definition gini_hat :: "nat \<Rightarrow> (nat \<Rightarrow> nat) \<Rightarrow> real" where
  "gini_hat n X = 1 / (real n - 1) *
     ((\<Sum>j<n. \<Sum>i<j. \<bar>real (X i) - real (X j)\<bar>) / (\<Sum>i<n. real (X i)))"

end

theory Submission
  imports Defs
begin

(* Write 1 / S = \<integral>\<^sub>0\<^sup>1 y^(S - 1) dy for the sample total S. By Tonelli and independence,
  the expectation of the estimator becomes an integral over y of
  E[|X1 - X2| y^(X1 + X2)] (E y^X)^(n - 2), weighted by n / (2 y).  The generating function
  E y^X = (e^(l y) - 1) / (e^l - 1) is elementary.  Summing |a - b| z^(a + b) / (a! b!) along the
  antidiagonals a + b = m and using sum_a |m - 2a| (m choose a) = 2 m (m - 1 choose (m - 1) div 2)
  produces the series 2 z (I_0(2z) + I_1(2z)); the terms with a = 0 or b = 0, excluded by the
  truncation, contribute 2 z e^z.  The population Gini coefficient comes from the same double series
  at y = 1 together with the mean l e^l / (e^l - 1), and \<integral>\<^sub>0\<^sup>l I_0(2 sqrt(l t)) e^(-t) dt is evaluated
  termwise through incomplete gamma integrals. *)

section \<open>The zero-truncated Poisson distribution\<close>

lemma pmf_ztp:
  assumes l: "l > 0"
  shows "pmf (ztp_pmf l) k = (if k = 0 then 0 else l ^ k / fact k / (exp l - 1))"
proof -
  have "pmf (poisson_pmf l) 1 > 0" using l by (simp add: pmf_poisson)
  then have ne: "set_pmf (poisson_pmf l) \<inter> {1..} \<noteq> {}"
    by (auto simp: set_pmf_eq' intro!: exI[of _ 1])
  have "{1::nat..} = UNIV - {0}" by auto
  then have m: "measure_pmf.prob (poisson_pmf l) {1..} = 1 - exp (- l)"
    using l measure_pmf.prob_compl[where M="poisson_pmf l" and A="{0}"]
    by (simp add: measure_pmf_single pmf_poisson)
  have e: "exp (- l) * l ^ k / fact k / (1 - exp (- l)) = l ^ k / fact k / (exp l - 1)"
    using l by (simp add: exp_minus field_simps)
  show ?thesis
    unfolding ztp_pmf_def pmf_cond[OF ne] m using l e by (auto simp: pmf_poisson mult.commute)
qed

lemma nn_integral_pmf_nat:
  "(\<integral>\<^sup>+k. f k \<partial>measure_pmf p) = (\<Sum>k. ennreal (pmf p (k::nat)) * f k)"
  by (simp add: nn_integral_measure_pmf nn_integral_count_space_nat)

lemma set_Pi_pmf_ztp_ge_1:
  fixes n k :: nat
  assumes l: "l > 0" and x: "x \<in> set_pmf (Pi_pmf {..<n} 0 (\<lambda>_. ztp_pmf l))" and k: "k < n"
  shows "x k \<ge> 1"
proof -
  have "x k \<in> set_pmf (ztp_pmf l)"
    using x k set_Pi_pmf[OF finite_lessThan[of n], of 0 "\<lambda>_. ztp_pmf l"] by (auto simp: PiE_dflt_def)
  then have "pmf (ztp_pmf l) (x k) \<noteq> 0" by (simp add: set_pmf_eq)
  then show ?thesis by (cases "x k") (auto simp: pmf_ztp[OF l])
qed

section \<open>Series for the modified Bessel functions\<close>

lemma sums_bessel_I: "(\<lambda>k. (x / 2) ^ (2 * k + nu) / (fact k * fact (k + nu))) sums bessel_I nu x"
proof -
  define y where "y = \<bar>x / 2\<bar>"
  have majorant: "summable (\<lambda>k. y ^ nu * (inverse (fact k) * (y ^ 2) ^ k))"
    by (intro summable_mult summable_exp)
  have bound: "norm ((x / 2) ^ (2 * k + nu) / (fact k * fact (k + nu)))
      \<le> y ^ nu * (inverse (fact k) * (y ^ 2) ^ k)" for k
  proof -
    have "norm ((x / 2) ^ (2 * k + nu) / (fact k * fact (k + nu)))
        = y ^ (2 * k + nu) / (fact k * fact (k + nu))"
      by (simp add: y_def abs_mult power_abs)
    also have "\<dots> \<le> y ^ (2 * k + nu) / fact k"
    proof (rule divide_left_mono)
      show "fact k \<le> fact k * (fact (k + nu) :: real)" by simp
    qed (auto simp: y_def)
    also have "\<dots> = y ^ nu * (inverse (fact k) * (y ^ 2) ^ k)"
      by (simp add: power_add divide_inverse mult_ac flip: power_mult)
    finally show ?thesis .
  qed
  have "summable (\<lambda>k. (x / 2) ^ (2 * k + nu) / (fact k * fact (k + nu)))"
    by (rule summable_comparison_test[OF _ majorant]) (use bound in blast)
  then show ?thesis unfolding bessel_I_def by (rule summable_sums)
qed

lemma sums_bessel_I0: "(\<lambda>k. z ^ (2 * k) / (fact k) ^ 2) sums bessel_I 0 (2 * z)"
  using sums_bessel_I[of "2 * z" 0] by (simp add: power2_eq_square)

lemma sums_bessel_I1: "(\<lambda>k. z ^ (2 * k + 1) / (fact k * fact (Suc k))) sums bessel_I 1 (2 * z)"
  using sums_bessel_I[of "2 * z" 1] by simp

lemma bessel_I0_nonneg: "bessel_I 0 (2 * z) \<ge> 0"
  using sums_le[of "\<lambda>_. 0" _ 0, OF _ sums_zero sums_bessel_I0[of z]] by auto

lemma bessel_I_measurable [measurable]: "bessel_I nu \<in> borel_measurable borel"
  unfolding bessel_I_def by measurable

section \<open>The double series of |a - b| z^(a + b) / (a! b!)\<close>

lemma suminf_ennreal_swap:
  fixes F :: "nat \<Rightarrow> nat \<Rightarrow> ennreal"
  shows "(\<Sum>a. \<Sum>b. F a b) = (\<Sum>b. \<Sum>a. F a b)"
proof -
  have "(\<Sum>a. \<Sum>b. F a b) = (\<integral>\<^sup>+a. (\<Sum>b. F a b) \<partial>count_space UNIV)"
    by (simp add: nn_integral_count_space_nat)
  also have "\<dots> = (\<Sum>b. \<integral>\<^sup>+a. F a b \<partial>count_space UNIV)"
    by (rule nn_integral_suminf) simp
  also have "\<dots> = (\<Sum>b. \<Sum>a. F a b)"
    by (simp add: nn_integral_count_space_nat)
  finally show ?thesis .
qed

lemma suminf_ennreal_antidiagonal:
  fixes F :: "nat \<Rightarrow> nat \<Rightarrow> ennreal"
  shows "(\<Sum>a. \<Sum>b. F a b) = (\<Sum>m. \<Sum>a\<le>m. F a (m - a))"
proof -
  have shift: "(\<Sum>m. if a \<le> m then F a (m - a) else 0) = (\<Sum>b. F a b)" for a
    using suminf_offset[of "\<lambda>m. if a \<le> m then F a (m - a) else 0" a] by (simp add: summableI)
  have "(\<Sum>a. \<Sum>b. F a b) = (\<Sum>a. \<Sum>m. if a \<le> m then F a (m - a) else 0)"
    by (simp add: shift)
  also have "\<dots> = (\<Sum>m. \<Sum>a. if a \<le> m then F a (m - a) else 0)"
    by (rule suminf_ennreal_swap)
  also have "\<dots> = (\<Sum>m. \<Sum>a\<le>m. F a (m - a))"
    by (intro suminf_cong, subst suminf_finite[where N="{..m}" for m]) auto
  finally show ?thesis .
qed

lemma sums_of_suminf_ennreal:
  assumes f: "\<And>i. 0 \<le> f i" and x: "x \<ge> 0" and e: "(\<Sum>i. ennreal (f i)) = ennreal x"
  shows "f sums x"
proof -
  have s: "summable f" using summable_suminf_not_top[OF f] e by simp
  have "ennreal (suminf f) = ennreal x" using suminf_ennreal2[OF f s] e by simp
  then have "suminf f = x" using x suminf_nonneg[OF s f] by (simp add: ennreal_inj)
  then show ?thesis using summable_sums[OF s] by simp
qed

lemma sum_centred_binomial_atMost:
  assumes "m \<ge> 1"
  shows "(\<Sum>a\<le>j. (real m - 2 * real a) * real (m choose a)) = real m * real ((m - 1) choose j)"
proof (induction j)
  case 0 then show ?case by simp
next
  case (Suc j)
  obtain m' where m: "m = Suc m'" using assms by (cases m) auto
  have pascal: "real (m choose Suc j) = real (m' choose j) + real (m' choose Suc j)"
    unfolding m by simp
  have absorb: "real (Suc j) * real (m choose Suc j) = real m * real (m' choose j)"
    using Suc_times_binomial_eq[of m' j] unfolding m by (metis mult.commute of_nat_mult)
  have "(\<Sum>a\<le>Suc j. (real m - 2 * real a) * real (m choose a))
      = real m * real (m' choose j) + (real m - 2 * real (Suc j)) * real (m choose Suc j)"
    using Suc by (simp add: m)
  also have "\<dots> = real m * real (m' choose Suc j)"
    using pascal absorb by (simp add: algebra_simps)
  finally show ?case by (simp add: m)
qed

---

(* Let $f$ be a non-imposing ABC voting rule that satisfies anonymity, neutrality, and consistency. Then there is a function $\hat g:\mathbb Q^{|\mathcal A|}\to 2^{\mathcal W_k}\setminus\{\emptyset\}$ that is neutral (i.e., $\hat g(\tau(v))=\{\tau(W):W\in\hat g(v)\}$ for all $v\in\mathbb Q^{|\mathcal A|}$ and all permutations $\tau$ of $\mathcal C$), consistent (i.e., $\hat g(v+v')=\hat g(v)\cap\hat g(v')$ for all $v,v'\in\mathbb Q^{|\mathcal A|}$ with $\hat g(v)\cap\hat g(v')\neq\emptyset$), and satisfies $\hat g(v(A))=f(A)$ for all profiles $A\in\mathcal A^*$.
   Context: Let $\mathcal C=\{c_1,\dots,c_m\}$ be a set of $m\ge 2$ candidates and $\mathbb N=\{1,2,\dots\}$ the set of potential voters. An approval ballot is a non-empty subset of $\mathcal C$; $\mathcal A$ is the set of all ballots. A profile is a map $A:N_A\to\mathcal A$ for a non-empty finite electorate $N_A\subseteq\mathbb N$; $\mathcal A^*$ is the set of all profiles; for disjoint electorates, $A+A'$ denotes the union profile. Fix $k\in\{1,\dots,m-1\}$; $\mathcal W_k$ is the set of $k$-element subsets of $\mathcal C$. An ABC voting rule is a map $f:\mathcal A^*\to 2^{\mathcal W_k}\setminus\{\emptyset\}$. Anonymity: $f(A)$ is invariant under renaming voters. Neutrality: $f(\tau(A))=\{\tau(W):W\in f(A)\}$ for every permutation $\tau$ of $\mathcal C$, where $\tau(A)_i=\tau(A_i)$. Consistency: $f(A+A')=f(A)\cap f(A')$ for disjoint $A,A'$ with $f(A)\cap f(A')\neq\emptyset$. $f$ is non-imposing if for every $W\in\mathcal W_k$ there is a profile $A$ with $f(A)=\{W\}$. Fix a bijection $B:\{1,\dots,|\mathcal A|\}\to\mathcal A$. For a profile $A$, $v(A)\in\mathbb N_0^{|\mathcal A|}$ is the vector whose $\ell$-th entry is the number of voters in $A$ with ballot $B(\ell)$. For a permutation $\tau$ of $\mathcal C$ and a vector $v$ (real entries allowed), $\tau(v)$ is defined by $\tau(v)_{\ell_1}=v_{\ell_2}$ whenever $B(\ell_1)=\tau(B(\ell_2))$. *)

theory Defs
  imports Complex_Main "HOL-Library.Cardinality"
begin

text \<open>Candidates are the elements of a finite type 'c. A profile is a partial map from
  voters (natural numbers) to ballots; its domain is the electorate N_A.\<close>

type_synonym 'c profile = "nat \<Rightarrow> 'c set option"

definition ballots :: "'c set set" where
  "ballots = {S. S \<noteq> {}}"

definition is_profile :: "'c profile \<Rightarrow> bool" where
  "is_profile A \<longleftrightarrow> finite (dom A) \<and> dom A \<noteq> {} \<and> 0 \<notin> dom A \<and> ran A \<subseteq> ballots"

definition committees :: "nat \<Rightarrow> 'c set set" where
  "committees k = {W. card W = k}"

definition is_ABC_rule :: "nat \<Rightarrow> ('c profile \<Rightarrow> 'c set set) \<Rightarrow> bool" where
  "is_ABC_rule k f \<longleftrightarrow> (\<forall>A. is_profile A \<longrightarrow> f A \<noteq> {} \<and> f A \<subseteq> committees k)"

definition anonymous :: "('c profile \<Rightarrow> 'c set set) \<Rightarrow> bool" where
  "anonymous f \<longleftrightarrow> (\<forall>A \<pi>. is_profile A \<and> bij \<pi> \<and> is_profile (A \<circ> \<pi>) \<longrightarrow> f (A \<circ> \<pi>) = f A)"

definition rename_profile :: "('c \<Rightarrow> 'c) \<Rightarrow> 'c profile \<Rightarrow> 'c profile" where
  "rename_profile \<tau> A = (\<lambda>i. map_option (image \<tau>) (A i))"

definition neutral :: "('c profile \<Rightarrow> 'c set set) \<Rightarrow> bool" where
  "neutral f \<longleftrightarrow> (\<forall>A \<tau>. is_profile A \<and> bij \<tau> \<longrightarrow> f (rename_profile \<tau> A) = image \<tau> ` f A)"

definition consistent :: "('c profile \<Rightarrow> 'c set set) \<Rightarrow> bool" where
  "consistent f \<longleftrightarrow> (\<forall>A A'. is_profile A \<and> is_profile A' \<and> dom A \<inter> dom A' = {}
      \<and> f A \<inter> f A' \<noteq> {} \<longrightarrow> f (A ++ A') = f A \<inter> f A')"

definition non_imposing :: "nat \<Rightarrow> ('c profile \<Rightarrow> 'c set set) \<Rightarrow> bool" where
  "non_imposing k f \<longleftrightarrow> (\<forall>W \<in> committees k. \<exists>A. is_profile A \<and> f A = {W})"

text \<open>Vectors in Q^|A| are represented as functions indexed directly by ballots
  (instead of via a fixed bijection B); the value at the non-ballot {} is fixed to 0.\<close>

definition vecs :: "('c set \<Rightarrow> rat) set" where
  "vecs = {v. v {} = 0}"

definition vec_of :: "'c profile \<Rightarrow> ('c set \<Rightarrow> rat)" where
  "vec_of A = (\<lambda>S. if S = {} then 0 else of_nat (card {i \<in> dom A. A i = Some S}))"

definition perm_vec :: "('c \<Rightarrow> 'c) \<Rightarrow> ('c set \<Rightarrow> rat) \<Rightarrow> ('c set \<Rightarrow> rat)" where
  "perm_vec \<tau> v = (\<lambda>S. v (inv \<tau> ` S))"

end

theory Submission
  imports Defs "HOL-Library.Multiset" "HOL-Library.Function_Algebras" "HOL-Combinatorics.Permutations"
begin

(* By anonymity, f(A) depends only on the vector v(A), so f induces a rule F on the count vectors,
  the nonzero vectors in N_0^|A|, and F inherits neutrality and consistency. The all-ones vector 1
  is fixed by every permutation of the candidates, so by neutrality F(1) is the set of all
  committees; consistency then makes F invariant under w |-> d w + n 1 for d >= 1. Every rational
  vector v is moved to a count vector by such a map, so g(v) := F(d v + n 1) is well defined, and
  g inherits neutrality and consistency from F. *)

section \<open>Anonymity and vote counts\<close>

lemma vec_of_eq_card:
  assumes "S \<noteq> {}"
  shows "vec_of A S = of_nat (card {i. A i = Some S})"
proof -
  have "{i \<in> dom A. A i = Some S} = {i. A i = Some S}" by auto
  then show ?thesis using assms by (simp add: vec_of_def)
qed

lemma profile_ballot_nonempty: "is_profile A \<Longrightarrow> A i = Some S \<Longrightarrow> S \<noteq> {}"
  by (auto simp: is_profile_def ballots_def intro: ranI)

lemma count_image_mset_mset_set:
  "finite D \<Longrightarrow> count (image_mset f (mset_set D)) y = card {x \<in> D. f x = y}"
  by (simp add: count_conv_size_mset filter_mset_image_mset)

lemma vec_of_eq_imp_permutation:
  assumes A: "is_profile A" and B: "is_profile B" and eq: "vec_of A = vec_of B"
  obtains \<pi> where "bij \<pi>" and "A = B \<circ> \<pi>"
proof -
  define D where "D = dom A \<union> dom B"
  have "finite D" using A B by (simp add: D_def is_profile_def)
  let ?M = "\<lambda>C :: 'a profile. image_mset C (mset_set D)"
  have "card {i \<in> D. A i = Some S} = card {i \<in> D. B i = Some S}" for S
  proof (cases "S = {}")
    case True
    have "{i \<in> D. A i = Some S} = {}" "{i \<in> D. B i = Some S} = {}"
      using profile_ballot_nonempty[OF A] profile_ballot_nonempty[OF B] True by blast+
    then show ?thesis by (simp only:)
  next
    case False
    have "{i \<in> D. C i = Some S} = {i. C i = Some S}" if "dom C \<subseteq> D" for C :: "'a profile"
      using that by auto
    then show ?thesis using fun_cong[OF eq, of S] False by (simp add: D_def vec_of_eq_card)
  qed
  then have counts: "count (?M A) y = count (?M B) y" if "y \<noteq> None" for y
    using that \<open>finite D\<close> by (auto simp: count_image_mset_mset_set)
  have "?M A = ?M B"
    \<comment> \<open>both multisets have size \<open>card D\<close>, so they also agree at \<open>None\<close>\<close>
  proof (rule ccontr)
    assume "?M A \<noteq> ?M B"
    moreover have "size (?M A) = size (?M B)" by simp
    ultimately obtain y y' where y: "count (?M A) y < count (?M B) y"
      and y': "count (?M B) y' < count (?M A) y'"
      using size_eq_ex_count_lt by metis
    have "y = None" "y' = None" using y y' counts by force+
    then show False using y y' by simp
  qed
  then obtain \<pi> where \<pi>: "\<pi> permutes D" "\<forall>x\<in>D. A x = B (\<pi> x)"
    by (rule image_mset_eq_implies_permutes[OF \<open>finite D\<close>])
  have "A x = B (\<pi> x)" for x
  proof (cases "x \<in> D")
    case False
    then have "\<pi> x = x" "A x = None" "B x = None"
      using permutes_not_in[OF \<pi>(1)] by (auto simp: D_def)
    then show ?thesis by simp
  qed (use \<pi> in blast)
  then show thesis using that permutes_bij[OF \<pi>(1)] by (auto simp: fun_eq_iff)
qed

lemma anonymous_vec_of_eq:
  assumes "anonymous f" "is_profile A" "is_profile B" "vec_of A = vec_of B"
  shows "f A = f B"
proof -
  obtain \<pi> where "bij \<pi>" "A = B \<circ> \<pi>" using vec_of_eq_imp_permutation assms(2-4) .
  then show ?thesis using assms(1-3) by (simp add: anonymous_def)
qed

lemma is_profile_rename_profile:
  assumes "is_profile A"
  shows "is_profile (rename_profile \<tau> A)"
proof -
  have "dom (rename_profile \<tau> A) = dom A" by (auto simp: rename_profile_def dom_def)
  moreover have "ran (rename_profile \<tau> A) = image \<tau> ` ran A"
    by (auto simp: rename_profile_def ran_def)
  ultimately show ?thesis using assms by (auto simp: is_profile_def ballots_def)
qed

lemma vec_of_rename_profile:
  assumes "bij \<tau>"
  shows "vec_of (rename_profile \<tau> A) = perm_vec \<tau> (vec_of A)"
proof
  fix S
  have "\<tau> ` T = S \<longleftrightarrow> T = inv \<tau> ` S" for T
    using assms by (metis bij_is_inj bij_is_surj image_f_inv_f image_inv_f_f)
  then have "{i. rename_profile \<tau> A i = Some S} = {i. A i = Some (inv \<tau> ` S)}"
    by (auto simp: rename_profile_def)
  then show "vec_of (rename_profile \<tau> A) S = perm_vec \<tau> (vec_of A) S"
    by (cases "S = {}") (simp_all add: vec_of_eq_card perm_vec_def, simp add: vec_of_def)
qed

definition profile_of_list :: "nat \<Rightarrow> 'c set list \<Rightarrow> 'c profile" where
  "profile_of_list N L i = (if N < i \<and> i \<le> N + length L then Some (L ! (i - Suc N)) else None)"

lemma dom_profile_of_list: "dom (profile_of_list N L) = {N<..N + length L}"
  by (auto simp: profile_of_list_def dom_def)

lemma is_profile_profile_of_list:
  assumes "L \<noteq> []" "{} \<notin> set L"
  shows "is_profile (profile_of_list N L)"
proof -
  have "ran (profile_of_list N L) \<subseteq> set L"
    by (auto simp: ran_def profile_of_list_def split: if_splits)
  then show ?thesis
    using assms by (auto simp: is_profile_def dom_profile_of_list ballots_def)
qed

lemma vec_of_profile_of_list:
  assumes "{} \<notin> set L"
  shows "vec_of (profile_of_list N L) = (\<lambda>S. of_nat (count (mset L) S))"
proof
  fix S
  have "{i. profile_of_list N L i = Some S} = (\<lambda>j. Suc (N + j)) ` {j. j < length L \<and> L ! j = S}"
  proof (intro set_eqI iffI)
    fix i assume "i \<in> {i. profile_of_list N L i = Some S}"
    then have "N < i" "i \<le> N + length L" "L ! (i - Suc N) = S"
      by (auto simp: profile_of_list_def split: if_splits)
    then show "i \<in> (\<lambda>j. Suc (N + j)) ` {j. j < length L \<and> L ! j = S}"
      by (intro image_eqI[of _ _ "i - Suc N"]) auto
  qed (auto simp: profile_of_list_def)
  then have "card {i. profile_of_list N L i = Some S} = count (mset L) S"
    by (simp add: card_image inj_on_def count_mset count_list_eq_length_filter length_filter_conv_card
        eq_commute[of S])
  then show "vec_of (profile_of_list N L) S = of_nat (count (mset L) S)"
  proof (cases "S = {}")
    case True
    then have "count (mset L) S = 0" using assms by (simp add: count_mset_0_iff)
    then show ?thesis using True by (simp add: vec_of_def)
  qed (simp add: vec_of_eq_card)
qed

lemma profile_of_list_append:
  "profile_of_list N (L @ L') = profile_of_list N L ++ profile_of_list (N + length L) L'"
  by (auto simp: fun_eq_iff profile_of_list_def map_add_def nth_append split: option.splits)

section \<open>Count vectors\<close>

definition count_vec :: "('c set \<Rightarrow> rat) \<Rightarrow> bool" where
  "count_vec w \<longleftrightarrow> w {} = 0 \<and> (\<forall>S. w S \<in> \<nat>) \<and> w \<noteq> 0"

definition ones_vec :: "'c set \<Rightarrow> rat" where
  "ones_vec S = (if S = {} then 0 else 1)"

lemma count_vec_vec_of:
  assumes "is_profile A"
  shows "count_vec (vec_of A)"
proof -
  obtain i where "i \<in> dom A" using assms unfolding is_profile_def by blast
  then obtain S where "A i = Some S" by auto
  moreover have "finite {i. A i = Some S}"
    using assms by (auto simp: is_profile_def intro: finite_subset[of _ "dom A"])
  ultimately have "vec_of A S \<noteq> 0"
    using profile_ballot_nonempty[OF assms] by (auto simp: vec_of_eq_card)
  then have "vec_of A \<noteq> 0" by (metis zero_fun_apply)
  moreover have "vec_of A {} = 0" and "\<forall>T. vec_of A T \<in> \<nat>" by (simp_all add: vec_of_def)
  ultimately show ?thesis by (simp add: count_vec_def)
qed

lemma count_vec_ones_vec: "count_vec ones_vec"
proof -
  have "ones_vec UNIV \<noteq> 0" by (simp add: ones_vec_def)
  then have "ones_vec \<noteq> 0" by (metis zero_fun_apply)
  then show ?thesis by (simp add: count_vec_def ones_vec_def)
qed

WHAT THIS TASK INVOLVES - List the lines of the records where "partial" occurs.

EXERCISE SOLUTION -
  "(\<integral>\<^sup>+k. f k \<partial>measure_pmf p) = (\<Sum>k. ennreal (pmf p (k::nat)) * f k)"
  have "(\<Sum>a. \<Sum>b. F a b) = (\<integral>\<^sup>+a. (\<Sum>b. F a b) \<partial>count_space UNIV)"
  also have "\<dots> = (\<Sum>b. \<integral>\<^sup>+a. F a b \<partial>count_space UNIV)"
text \<open>Candidates are the elements of a finite type 'c. A profile is a partial map from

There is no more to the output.